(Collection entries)

definition klin_endofunctor :: "('o, 'm, 'k::field) kcat \<Rightarrow> ('o \<Rightarrow> 'o) \<Rightarrow> ('m \<Rightarrow> 'm) \<Rightarrow> bool" where
  "klin_endofunctor C Bo Bm \<longleftrightarrow>
     (\<forall>a b. \<forall>f\<in>Hom C a b. Bm f \<in> Hom C (Bo a) (Bo b))
   \<and> (\<forall>a. Bm (Id C a) = Id C (Bo a))
   \<and> (\<forall>a b c. \<forall>f\<in>Hom C a b. \<forall>g\<in>Hom C b c. Bm (Comp C g f) = Comp C (Bm g) (Bm f))
   \<and> (\<forall>a b. \<forall>f\<in>Hom C a b. \<forall>g\<in>Hom C a b. Bm (Add C f g) = Add C (Bm f) (Bm g))
   \<and> (\<forall>a b k. \<forall>f\<in>Hom C a b. Bm (Smul C k f) = Smul C k (Bm f))"
text \<open>The divisors \<open>1\<close> and \<open>3\<close> of \<open>3\<close> index the two subgroups \<open>C\<^sub>3\<close> and \<open>{0}\<close> of \<open>C\<^sub>3\<close>.\<close>

lemma cyclic_subgroups_C3_sdp:
  assumes "even n" "\<not> 3 dvd n"
  shows "cyclic_subgroups (C3_sdp n) =
    (\<lambda>(e, d). multiples_mod 3 e \<times> multiples_mod n d) ` ({1, 3} \<times> {d. d dvd n \<and> even d}) \<union>
    (\<lambda>(a, d). twisted_multiples_mod n a d) ` ({0..<3} \<times> {d. d dvd n \<and> odd d})"
  (is "_ = ?X \<union> ?Y")
proof (intro equalityI subsetI)
  have "n > 0" using assms(2) by (cases n) auto
  fix H assume "H \<in> cyclic_subgroups (C3_sdp n)"
  then obtain a b where a: "a \<in> {0..<3}" and b: "b \<in> {0..<int n}"
    and H: "H = generate (C3_sdp n) {(a, b)}"
    by (auto simp: cyclic_subgroups_def C3_sdp_carrier)
  define d where "d = nat (gcd b (int n))"
  have d_eq: "int d = gcd b (int n)" by (simp add: d_def)
  then have "int d dvd b" "d dvd n" by (simp, metis gcd_dvd2 of_nat_dvd_iff)
  show "H \<in> ?X \<union> ?Y"
  proof (cases "even b")
    case True
    have "a \<in> {0, 1, 2}" using a by auto
    then have "nat (gcd a 3) \<in> {1, 3}" by auto
    moreover have "even (int d)" using True assms(1) by (simp add: d_eq)
    ultimately have "(nat (gcd a 3), d) \<in> {1, 3} \<times> {d. d dvd n \<and> even d}"
      using \<open>d dvd n\<close> by simp
    moreover have "H = multiples_mod 3 (nat (gcd a 3)) \<times> multiples_mod n d"
      using H True generate_C3_sdp[OF assms a b] by (simp add: d_def)
    ultimately show ?thesis by blast
  next
    case False
    then have "odd d" using \<open>int d dvd b\<close> by (metis dvd_trans even_of_nat)
    then have "(a, d) \<in> {0..<3} \<times> {d. d dvd n \<and> odd d}"
      using a \<open>d dvd n\<close> by simp
    moreover have "H = twisted_multiples_mod n a d"
      using H False generate_C3_sdp[OF assms a b] by (simp add: d_def)
    ultimately show ?thesis by blast
  qed
next
  have "n > 0" using assms(2) by (cases n) auto
  have generated: "generate (C3_sdp n) {(a, int d mod int n)} \<in> cyclic_subgroups (C3_sdp n)"
    if "a \<in> {0..<3}" for a d
    using that \<open>n > 0\<close> unfolding cyclic_subgroups_def C3_sdp_carrier
    by (intro CollectI bexI[of _ "(a, int d mod int n)"]) auto
  fix H assume "H \<in> ?X \<union> ?Y"
  then consider
      e d where "e \<in> {1, 3}" "d dvd n" "even d" "H = multiples_mod 3 e \<times> multiples_mod n d"
    | a d where "a \<in> {0..<3}" "d dvd n" "odd d" "H = twisted_multiples_mod n a d"
    by auto
  then show "H \<in> cyclic_subgroups (C3_sdp n)"
  proof cases
    case (1 e d)
    define a :: int where "a = (if e = 3 then 0 else 1)"
    have "even (int d mod int n)" using 1 assms(1) by (simp add: even_mod_even_iff)
    moreover have "nat (gcd a 3) = e" using 1 by (auto simp: a_def)
    ultimately have "generate (C3_sdp n) {(a, int d mod int n)} = H"
      using 1 \<open>n > 0\<close> generate_C3_sdp[OF assms, of a "int d mod int n"]
      by (simp add: a_def nat_gcd_mod_of_dvd)
    then show ?thesis using generated[of a d] by (simp add: a_def)
  next
    case (2 a d)
    have "odd (int d mod int n)" using 2 assms(1) by (simp add: even_mod_even_iff)
    then have "generate (C3_sdp n) {(a, int d mod int n)} = H"
      using 2 \<open>n > 0\<close> generate_C3_sdp[OF assms, of a "int d mod int n"]
      by (simp add: nat_gcd_mod_of_dvd)
    then show ?thesis using generated[of a d] 2(1) by simp
  qed
qed
theorem proposition4:
  fixes \<alpha> :: real and n :: nat and w :: "nat \<Rightarrow> real" and \<rho> :: "nat \<Rightarrow> real^'m^'m"
  assumes "1 \<le> \<alpha>" "\<alpha> \<le> 2" "n \<ge> 1"
    and "\<And>j. j < n \<Longrightarrow> 0 \<le> w j" "(\<Sum>j<n. w j) = 1"
    and "\<And>j. j < n \<Longrightarrow> density_matrix (\<rho> j)"
  shows "qjt_div \<alpha> n w \<rho> \<le> ctsallis \<alpha> n w"
proof (rule density_mixture_spectra[where n = n and w = w and \<rho> = \<rho>, OF assms(4,6)])
  fix \<sigma> :: "nat \<Rightarrow> real^'m"
  assume \<sigma>0: "\<And>j i. j < n \<Longrightarrow> 0 \<le> \<sigma> j $ i"
    and \<sigma>1: "\<And>j. j < n \<Longrightarrow> (\<Sum>i\<in>UNIV. \<sigma> j $ i) = 1"
    and tr: "\<And>f j. j < n \<Longrightarrow> mtrace (mat_fun f (\<rho> j)) = (\<Sum>i\<in>UNIV. f (\<sigma> j $ i))"
    and mix: "\<And>f. convex_on {0..} f \<Longrightarrow> f 0 = 0 \<Longrightarrow>
      (\<Sum>j<n. \<Sum>i\<in>UNIV. f (w j * \<sigma> j $ i)) \<le> mtrace (mat_fun f (\<Sum>j<n. w j *\<^sub>R \<rho> j))"
  show ?thesis
  proof (cases "\<alpha> = 1")
    case True
    have "(\<Sum>j<n. xlogx (w j) + w j * (\<Sum>i\<in>UNIV. xlogx (\<sigma> j $ i)))
        \<le> mtrace (mat_fun xlogx (\<Sum>j<n. w j *\<^sub>R \<rho> j))"
      using mix[OF convex_on_xlogx] \<sigma>0 \<sigma>1 assms(4) by (simp add: xlogx_def[of 0] sum_xlogx_mult)
    then show ?thesis
      using True by (simp add: qjt_div_def qtsallis_def ctsallis_def tr sum.distrib sum_negf)
  next
    case False
    have "(\<Sum>j<n. w j powr \<alpha> * (\<Sum>i\<in>UNIV. \<sigma> j $ i powr \<alpha>))
        \<le> mtrace (mat_fun (\<lambda>x. x powr \<alpha>) (\<Sum>j<n. w j *\<^sub>R \<rho> j))"
      using mix[OF convex_on_powr_nonneg[OF assms(1)]] \<sigma>0 assms(1,4)
      by (simp add: powr_mult sum_distrib_left)
    moreover have "(\<Sum>i\<in>UNIV. \<sigma> j $ i powr \<alpha>) \<le> 1" if "j \<in> {..<n}" for j
      using that by (intro sum_powr_le_one[OF assms(1)]) (simp_all add: \<sigma>0 \<sigma>1)
    moreover have "1 < \<alpha>" "\<And>j. j \<in> {..<n} \<Longrightarrow> 0 \<le> w j" using False assms(1,4) by auto
    ultimately show ?thesis
      using False tsallis_mixture_le[where J = "{..<n}", OF _ _ assms(5)]
      by (simp add: qjt_div_def qtsallis_def ctsallis_def tr)
  qed
qed

end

TASK GOAL.
Each line holding the word "cases" must be copied from the data.

EXERCISE SOLUTION.
  have "n > 0" using assms(2) by (cases n) auto
  proof (cases "even b")
  have "n > 0" using assms(2) by (cases n) auto
  proof cases
  proof (cases "\<alpha> = 1")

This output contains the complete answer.